## What the task requires
Pull each line containing "metis" from the data.

———

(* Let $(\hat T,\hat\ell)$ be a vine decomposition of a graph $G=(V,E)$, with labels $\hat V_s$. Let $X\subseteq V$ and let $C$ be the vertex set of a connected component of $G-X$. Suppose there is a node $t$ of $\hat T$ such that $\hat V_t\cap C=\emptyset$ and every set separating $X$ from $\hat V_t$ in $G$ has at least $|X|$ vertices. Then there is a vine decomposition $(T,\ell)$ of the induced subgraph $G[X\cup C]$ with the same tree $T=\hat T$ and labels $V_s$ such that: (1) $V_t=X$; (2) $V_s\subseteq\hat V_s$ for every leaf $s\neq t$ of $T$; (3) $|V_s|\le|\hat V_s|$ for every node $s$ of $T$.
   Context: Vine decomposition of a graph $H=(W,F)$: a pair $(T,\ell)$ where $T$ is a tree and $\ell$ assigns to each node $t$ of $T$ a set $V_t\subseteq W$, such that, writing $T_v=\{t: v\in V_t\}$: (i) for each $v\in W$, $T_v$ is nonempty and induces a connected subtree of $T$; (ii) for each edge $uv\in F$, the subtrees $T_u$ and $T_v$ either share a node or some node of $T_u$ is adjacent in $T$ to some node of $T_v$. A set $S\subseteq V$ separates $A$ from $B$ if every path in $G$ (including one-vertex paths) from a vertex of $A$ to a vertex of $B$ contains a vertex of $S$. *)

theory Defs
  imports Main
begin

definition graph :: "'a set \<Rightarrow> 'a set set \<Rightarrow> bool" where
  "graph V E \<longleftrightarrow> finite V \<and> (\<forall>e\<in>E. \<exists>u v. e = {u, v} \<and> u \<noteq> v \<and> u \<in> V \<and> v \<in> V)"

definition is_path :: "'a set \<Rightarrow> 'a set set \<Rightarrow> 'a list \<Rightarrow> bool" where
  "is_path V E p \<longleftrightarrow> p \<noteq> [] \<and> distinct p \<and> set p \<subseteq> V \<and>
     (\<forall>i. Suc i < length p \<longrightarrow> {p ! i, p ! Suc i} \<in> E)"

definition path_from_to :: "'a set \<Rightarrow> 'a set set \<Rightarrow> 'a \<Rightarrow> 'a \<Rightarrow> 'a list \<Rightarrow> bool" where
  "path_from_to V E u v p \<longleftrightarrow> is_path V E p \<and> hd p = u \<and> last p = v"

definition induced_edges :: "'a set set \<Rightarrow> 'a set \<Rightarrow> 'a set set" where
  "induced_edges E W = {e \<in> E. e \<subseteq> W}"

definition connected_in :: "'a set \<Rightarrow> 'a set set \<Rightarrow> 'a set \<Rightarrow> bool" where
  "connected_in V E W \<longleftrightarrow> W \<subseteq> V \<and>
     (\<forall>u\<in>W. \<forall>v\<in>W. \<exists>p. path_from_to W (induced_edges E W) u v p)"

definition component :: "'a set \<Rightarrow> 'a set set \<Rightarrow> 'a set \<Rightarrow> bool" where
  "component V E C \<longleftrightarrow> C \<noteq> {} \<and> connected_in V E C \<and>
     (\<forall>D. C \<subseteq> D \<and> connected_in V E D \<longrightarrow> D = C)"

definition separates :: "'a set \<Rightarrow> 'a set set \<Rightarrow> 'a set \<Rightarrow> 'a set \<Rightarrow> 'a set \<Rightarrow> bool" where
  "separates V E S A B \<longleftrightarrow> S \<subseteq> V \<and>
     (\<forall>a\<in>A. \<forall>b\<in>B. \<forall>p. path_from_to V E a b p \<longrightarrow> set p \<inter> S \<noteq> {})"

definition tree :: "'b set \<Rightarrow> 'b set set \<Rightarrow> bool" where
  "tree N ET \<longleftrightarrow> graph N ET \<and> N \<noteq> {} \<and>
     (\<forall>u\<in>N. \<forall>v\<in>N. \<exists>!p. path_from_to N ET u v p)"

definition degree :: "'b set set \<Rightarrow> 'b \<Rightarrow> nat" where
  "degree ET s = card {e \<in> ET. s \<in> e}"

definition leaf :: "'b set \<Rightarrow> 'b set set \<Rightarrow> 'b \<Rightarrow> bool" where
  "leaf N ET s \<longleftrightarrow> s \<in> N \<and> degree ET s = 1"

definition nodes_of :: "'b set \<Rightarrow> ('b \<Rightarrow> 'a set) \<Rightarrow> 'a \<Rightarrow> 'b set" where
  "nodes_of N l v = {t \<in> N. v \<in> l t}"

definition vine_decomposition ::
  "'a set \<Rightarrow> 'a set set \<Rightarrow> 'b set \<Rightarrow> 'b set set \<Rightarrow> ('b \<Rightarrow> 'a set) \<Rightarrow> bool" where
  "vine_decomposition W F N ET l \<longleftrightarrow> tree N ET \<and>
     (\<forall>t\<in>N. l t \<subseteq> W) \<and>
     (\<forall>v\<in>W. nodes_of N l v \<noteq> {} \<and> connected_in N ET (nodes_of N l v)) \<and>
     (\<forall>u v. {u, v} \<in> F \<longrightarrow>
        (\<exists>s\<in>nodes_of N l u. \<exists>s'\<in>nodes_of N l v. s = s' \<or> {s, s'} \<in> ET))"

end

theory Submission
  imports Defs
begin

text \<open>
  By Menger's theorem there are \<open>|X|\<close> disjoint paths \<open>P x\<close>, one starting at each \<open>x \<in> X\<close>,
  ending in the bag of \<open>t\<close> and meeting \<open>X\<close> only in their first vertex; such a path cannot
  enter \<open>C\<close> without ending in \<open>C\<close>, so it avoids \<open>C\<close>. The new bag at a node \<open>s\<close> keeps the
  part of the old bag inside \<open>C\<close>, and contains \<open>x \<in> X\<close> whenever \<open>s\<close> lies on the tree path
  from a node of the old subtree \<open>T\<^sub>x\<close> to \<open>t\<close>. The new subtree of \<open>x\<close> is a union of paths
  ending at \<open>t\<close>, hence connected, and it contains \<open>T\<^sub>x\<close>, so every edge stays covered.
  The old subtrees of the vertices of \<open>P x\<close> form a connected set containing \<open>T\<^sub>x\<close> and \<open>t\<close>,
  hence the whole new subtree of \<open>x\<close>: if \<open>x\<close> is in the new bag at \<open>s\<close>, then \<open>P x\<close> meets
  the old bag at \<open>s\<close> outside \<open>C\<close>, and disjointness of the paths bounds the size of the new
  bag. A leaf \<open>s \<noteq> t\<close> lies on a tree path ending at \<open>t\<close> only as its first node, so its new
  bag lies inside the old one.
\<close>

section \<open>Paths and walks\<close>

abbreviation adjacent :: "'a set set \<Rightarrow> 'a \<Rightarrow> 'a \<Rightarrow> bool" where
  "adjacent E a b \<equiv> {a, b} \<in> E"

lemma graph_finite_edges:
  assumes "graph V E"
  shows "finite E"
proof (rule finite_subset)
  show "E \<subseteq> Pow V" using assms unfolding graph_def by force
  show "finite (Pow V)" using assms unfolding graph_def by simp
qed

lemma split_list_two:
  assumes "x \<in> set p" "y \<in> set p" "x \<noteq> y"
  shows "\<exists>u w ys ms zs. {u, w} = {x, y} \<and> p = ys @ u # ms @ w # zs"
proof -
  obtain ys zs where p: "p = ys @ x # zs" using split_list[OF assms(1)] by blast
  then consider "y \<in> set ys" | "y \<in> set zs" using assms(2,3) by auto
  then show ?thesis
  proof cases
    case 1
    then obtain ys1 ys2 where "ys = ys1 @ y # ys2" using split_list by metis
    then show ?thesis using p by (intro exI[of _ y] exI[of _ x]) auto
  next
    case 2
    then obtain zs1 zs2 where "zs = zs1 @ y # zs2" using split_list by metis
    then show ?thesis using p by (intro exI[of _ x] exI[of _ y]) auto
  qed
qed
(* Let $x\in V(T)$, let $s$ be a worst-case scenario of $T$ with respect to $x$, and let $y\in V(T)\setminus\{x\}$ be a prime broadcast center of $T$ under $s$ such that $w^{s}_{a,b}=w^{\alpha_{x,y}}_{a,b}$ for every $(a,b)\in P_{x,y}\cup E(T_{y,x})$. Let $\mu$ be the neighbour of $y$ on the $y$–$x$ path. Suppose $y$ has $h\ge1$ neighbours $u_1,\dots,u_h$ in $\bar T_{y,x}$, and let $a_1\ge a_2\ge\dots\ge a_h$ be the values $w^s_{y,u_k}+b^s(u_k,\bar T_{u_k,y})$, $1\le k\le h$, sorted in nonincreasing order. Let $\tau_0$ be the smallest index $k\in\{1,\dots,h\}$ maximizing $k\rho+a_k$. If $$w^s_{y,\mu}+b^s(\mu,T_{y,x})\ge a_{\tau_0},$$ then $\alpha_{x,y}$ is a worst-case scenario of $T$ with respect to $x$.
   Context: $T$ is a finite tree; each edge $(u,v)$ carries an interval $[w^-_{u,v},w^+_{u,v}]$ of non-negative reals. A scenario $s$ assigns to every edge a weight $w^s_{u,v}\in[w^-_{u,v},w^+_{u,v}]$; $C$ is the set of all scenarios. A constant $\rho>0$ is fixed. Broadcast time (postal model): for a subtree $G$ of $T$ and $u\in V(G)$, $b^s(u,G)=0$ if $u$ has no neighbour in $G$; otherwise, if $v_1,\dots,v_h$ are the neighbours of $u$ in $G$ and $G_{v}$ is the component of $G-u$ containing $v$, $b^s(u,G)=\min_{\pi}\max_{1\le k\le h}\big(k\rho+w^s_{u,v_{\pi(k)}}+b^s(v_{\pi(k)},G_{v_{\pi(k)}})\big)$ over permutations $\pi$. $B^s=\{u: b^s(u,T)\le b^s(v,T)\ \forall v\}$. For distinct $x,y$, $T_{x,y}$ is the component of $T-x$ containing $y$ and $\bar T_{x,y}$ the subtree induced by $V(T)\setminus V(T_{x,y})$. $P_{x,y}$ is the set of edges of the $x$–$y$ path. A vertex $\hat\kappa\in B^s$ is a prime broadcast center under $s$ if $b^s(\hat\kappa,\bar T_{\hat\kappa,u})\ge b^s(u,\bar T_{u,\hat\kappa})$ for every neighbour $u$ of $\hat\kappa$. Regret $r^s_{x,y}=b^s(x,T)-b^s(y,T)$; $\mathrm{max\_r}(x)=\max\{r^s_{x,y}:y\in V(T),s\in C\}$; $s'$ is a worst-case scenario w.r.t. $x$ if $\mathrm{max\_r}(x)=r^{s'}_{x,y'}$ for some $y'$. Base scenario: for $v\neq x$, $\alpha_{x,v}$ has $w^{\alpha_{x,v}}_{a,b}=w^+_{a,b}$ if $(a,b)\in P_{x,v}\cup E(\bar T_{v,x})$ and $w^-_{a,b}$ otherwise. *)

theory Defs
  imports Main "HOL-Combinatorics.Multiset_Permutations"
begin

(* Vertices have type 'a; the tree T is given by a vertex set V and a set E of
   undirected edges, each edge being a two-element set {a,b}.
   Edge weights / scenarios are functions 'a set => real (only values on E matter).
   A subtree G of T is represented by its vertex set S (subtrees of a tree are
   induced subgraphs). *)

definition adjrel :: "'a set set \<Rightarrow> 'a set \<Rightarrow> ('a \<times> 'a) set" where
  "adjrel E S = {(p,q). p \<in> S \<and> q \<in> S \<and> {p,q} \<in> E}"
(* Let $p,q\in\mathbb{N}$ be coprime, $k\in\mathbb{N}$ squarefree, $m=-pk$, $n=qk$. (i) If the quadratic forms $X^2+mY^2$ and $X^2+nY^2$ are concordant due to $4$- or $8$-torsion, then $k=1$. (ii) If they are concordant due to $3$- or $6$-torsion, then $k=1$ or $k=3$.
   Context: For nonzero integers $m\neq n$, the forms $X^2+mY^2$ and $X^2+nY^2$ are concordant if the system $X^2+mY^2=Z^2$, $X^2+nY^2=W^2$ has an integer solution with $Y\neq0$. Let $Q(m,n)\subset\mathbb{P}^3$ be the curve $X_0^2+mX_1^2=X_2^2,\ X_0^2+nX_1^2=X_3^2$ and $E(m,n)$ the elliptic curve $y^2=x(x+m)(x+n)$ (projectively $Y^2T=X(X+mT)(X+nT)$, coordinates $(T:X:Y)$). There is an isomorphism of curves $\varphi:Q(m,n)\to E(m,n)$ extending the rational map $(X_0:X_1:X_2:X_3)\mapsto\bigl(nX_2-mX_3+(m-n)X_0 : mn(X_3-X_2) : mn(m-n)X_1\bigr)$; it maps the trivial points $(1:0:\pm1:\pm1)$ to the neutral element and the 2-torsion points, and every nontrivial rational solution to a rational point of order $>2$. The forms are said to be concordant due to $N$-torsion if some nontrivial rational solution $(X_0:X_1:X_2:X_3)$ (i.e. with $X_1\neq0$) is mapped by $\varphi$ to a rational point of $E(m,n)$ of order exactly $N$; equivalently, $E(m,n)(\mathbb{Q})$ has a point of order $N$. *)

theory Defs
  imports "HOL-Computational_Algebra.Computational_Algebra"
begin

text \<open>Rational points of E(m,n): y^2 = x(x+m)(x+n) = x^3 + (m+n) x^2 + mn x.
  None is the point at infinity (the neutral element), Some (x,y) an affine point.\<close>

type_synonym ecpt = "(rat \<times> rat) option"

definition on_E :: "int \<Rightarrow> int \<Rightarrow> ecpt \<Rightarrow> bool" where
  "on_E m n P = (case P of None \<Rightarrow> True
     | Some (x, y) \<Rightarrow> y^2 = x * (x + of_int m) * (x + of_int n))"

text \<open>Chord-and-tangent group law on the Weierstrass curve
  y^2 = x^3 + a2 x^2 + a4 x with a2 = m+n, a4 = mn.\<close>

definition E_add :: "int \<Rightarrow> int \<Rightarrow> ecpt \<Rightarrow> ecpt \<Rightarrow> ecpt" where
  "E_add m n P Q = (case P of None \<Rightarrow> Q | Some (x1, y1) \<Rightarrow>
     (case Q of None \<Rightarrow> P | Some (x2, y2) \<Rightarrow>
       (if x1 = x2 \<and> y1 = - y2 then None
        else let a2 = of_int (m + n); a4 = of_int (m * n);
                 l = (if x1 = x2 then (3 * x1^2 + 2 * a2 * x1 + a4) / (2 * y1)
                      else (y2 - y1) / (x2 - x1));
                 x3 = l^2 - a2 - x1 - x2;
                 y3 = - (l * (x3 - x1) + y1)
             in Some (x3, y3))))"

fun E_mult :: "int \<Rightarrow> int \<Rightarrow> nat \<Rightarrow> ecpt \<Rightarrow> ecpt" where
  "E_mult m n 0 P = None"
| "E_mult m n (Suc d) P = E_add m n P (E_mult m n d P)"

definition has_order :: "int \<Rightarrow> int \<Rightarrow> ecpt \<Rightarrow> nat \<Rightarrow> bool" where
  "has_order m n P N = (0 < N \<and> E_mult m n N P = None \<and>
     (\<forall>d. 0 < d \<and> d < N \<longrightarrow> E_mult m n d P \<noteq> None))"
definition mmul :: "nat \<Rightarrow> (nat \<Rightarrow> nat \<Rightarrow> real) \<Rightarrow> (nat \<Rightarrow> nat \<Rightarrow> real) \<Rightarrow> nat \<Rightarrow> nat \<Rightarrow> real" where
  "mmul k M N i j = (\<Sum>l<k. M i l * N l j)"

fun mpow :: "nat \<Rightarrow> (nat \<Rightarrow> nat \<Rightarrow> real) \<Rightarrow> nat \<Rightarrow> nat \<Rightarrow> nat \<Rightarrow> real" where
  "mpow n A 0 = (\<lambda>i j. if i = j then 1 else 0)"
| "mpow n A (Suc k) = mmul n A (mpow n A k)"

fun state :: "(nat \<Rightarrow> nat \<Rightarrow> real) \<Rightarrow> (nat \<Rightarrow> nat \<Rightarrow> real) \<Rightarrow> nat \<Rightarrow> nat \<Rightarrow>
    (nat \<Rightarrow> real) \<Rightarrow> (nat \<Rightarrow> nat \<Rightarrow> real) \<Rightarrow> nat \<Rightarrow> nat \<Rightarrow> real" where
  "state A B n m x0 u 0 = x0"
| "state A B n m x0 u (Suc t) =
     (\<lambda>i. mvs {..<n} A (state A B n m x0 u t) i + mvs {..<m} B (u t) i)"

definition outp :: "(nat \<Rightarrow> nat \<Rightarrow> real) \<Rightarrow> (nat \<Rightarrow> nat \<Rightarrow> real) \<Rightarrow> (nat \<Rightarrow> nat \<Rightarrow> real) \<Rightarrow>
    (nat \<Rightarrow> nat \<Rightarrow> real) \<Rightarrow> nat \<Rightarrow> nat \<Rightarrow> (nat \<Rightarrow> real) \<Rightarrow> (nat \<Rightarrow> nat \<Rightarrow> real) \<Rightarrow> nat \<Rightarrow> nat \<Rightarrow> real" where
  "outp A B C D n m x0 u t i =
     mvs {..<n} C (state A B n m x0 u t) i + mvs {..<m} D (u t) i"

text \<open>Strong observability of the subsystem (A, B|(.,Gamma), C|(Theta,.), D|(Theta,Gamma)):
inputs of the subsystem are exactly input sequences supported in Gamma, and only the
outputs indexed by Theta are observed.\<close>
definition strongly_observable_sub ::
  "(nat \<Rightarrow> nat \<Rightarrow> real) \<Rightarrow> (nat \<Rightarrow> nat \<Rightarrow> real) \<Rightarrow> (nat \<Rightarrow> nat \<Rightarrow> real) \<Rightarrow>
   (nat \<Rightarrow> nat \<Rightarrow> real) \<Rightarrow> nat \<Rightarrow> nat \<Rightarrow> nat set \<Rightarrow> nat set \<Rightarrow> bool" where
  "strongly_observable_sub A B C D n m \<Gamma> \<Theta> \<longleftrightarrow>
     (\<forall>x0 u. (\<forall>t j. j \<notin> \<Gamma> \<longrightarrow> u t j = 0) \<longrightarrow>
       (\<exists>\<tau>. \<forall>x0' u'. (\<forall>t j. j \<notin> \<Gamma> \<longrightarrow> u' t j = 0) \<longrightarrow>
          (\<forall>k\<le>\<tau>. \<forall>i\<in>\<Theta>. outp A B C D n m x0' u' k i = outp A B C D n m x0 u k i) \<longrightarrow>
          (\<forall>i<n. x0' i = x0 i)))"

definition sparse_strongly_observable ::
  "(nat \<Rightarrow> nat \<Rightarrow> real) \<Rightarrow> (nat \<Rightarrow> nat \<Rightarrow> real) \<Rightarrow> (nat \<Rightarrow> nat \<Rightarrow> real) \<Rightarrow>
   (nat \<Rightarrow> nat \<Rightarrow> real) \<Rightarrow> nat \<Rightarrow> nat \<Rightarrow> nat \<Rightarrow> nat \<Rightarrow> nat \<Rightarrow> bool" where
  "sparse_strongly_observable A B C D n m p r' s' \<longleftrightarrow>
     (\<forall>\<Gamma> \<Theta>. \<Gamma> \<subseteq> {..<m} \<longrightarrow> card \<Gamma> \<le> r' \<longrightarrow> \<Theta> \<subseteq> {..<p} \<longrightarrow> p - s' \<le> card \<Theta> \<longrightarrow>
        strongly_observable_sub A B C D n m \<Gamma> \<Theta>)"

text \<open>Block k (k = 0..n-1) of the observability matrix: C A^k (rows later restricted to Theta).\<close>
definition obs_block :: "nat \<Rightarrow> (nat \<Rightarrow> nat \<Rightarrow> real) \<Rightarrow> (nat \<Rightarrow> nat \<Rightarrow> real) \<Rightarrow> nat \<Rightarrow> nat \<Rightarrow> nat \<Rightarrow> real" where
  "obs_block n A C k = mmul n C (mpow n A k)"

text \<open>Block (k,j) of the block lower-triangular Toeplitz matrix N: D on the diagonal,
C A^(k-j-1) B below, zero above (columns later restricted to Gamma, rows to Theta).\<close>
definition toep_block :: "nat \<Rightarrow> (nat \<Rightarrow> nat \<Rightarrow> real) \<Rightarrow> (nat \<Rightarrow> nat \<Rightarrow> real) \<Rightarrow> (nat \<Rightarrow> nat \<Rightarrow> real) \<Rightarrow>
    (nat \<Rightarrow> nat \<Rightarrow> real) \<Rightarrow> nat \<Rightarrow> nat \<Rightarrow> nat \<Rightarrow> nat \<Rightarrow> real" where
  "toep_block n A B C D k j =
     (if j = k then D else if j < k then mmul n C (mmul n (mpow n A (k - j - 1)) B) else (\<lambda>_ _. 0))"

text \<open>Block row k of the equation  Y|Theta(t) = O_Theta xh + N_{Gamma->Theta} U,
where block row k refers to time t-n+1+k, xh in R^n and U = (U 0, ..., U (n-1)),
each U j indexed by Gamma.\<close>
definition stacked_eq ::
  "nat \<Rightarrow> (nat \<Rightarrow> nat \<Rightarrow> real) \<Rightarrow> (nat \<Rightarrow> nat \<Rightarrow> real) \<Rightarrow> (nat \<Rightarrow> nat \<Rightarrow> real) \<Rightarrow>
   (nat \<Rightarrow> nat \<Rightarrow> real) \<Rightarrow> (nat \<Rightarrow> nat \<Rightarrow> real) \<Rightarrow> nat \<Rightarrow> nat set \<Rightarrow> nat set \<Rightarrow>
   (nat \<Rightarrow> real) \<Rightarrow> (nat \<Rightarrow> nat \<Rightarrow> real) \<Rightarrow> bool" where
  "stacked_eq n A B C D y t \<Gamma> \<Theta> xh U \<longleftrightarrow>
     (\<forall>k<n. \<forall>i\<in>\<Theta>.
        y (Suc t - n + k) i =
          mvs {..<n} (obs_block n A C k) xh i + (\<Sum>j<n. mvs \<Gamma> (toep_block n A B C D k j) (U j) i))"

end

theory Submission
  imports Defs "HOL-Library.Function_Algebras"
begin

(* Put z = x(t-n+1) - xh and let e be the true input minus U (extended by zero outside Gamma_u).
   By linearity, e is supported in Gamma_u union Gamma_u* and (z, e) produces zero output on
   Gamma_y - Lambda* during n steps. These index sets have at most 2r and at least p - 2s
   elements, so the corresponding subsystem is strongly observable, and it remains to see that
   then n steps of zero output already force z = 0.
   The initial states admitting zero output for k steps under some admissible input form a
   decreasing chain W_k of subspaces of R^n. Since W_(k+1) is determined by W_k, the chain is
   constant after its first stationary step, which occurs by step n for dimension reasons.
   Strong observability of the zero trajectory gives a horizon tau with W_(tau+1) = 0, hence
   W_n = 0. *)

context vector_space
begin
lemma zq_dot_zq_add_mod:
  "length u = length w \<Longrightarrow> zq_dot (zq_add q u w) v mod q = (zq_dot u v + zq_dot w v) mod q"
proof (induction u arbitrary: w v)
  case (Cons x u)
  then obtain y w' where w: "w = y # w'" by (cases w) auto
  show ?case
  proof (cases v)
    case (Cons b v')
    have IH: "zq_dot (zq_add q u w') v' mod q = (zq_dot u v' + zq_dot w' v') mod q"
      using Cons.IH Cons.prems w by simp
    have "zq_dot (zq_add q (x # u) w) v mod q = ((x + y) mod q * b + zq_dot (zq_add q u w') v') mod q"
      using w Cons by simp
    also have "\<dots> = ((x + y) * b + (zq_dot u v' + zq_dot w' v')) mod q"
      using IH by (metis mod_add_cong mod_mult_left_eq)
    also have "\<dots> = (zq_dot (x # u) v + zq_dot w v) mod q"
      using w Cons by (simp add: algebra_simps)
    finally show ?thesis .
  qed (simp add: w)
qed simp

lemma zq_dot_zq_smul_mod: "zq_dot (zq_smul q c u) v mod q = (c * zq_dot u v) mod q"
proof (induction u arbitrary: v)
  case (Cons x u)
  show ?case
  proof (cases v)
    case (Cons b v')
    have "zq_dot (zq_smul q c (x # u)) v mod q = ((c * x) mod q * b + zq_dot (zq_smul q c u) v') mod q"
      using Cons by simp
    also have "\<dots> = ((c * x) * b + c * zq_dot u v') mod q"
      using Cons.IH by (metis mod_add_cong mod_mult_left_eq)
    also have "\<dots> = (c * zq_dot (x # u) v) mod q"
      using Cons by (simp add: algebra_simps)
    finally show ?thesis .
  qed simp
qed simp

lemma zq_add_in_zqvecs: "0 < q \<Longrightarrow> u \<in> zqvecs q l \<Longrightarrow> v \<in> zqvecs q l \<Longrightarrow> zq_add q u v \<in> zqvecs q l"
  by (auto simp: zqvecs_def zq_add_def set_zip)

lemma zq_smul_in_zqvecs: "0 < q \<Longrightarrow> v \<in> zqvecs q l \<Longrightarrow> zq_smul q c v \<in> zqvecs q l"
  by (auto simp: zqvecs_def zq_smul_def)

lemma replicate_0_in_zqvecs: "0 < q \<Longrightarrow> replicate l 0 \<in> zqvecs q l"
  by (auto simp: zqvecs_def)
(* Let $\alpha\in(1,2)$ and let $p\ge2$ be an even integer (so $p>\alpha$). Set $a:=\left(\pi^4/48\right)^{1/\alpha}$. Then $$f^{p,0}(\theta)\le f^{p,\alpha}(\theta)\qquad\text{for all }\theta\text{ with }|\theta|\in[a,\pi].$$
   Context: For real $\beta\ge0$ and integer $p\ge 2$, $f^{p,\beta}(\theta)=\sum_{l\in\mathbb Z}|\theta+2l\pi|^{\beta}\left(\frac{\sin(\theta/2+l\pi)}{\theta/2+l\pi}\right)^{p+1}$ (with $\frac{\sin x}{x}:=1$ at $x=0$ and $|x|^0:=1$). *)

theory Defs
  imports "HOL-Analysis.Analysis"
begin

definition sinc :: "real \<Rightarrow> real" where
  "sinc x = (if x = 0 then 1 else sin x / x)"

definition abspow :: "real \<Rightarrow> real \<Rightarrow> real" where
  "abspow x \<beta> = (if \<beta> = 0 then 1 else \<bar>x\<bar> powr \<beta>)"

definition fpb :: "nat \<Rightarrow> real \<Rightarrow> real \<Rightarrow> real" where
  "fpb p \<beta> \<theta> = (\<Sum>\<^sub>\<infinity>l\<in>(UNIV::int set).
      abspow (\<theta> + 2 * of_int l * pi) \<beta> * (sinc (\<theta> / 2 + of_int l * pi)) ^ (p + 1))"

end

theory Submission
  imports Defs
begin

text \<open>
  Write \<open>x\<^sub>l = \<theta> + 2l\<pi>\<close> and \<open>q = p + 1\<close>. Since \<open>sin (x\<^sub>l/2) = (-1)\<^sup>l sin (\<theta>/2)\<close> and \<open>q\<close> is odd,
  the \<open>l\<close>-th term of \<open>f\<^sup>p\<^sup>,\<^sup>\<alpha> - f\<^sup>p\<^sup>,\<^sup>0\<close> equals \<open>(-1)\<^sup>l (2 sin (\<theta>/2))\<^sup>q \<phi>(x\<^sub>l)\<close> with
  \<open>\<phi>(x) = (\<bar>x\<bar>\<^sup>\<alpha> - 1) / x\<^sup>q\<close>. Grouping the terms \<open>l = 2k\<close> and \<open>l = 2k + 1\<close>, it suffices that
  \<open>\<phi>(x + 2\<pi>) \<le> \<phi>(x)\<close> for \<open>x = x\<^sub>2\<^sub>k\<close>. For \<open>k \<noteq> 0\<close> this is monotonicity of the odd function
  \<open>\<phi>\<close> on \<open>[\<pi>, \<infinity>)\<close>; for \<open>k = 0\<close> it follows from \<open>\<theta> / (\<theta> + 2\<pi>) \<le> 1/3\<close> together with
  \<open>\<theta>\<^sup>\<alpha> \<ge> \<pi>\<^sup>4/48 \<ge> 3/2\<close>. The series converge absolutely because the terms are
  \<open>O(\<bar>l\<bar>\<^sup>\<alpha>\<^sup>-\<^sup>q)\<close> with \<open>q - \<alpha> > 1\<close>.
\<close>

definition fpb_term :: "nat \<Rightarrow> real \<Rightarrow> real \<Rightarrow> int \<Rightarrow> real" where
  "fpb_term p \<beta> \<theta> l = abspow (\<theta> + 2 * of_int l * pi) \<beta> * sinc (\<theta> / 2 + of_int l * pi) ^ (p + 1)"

———

## Reply to the task
    then obtain ys1 ys2 where "ys = ys1 @ y # ys2" using split_list by metis
    then obtain zs1 zs2 where "zs = zs1 @ y # zs2" using split_list by metis
      using IH by (metis mod_add_cong mod_mult_left_eq)
      using Cons.IH by (metis mod_add_cong mod_mult_left_eq)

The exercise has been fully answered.